The new high-speed train and driver’s licensing psa

Had to go retrieve my U.S. driver’s license today from the Ansan Driver Licensing, and it was my opportunity to try out the new high-speed train from Chuncheon that is now part of the subway system and replacing the Mugunwha train that’s been running for years and that Koreans are so nostalgic about.

There weren’t any new maps or train schedules at our train station, and Korail’s way-finding signage is always text-based and not as well coded as the regular subway system, so it’s initially confusing.

As always with Korail, they number by the sides of the platforms and use the names of the destinations in text to differentiate the routes, whereas the regular subway system uses the numbers to indicate the routes and are intuitively color-coded. It’s especially confusing because once you get to the platform you can’t tell which side to stand at, because each side of the platform says a stop that should be on the same route – still haven’t figured this out – maybe it’s just anticipating doubling the cars in the future? Because right now, the trains are only running down the middle, between the two platforms. But anyway, you get over the confusion of not knowing which side to stand at once the train appears. And it wasn’t just me – I watched Koreans who, of course, aren’t illiterate like I am, also confused.

Heading towards Seoul isn’t an issue, as there’s only one train possible to get onto, the one heading to SangBong. I’d heard rumors earlier that the train would go straight to Seoul Station, but that’s not true. You have to either transfer to Korail’s Jungang/Yongsan line or transfer to line 7;. But heading back from Seoul WAS an issue, because there are two lines to choose from.

They’ve split/staggered the stops up, to reduce travel time. So I got on the Maseok/Chuncheon train thinking – it’s heading to Chuncheon, so it must be the train I need since it’s going in the right direction. Wrong. Fortunately, at the Maseok stop I heard them say the next stop would be Gapyeong, and I realized it would be PASSING my town altogether. Also fortunately, it is possible to transfer at Maseok in case you also make this mistake. So I got off at Maseok, switched to the other platform, and took the Daesong-ri/Chuncheon train. Nowhere did I see an easily intelligible map showing how the stops were distributed among the two lines. I guess you just learn by experience. I was able to pick up new subway maps indicating the new line while at Sangbong, but it is represented as one line and indicates all stops; not differentiating how they are split up.

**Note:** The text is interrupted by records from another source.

text \<open>The quotient \<open>m / l\<close> is not jointly convex, but it is convex along a segment
  whose endpoints satisfy the sign condition below: the convexity defect is
  \<open>t (1 - t) (l1 - l2) (m2 l1 - m1 l2) / (l l1 l2)\<close>.\<close>
lemma divide_convex_combination_le:
  fixes l1 l2 m1 m2 t :: real
  assumes "0 < l1" "0 < l2" "0 \<le> t" "t \<le> 1"
    and "0 \<le> (l1 - l2) * (m2 * l1 - m1 * l2)"
  shows "((1-t) * m1 + t * m2) / ((1-t) * l1 + t * l2) \<le> (1-t) * (m1 / l1) + t * (m2 / l2)"
proof -
  define l where "l = (1-t) * l1 + t * l2"
  have "0 < min l1 l2" using assms by simp
  also have "\<dots> \<le> l" unfolding l_def using assms min_le_convex_combination by blast
  finally have "0 < l" .
  have "l * ((1-t) * m1 * l2 + t * m2 * l1) - ((1-t) * m1 + t * m2) * (l1 * l2)
        = t * (1-t) * ((l1 - l2) * (m2 * l1 - m1 * l2))"
    unfolding l_def by (simp add: algebra_simps)
  also have "\<dots> \<ge> 0" using assms by simp
  finally have "((1-t) * m1 + t * m2) / l \<le> ((1-t) * m1 * l2 + t * m2 * l1) / (l1 * l2)"
    using \<open>0 < l\<close> assms by (simp add: divide_simps mult.commute mult.left_commute)
  also have "\<dots> = (1-t) * (m1 / l1) + t * (m2 / l2)" using assms by (simp add: field_simps)
  finally show ?thesis unfolding l_def .
qed

lemma kappa_convex_combination_ge:
  fixes l1 l2 m1 m2 t :: real
  assumes "0 < l1" "l1 \<le> m1" "0 < l2" "l2 \<le> m2" "0 \<le> t" "t \<le> 1"
    and "0 \<le> (l1 - l2) * (m2 * l1 - m1 * l2)"
  shows "(1-t) * kappa l1 m1 + t * kappa l2 m2 \<le> kappa ((1-t) * l1 + t * l2) ((1-t) * m1 + t * m2)"
proof -
  define l where "l = (1-t) * l1 + t * l2"
  define m where "m = (1-t) * m1 + t * m2"
  have "0 < min l1 l2" using assms by simp
  also have "\<dots> \<le> l" unfolding l_def using assms min_le_convex_combination by blast
  finally have "0 < l" .
  have "l \<le> m"
    unfolding l_def m_def using assms by (intro add_mono mult_left_mono) auto
  have "2*m - l = (1-t) * (2*m1 - l1) + t * (2*m2 - l2)"
    unfolding l_def m_def by (simp add: algebra_simps)
  then have sqrt1: "(1-t) * sqrt (2*m1 - l1) + t * sqrt (2*m2 - l2) \<le> sqrt (2*m - l)"
    using sqrt_concave_combination[of "2*m1 - l1" "2*m2 - l2" t] assms by simp
  have sqrt2: "(1-t) * sqrt m1 + t * sqrt m2 \<le> sqrt m"
    unfolding m_def using sqrt_concave_combination[of m1 m2 t] assms by simp
  have quot: "m / l \<le> (1-t) * (m1 / l1) + t * (m2 / l2)"
    unfolding m_def l_def using divide_convex_combination_le assms by blast
  have "(1-t) * kappa l1 m1 + t * kappa l2 m2
     = 2 * ((1-t) * sqrt (2*m1 - l1) + t * sqrt (2*m2 - l2)) + 2 * ((1-t) * sqrt m1 + t * sqrt m2)
       - l - m - ((1-t) * (m1 / l1) + t * (m2 / l2))"
    using assms unfolding kappa_altdef[OF assms(1,2)] kappa_altdef[OF assms(3,4)] l_def m_def
    by (simp add: algebra_simps)
  also have "\<dots> \<le> 2 * sqrt (2*m - l) + 2 * sqrt m - l - m - m / l"
    using add_mono[OF mult_left_mono[OF sqrt1, of 2] mult_left_mono[OF sqrt2, of 2]] quot by simp
  also have "\<dots> = kappa l m" using kappa_altdef[OF \<open>0 < l\<close> \<open>l \<le> m\<close>] by simp
  finally show ?thesis unfolding l_def m_def .
qed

The trip is every bit as gorgeous as it always was – they’ve only cut a couple corners on the rails, and you can barely tell, though towards Seoul of course you see some different urban scenery as you head to meet the Jungang line. I do wish they had enclosed the train platforms, though, as it was only about ten degrees Fahrenheit today with a bitter wind, and because the route is split in two, the wait between trains is about twice as long as your typical subway wait.

But, altogether it’s a great change. Total travel time for me was about 40 minutes, down from about 55 minutes, and it gives you a couple more options for transfer that are deeper into the center of Seoul. Plus the Jungang follows the Han river, so it’s a little more pleasant on the eye. And, because the Jungang itself has always had less stops on it, I was able to make it to the driver licensing office in Ansan a good half hour earlier than would have been possible previously, and it runs about an hour and a half later, which means coming to Seoul is less rushed. And being able to use my T-money card and pay about half the fare I used to is pretty awesome as well.


Had to take taxis to and from line 4 to get to the licensing office. The Gojan stop I took there cost 2,000 won less than the Ansan stop leaving.

So to get your Korean license you have to give them your foreign license and they hold it until you should leave the country, whereupon you can get it back. Since I only want my license for I.D. purposes and to drive temporarily while in the states, I wanted to see if they would just swap the two licenses and hold my Korean one in the same way, until I got back.

Well, this is kind of a complex thing to explain when you can’t speak Korean, so once again it was BBB Translation Service to the rescue! So here’s the p.s.a.: You can’t get your American license back unless you bring them your passport and your plane ticket! Great, I thought. I’ve just traveled three hours for nothing. But, thanks to the translator, we figured out that they have two computers for the public there, and the lady at the counter let me email her my e-ticket and a scan of my passport that she could print out. And – here’s the best part – Once you do that, you are finished: you now have two driver’s licenses, one for each country. So I’ve absolutely no idea why they make that rule that you have to leave your foreign license in hock when you can get it back and keep both.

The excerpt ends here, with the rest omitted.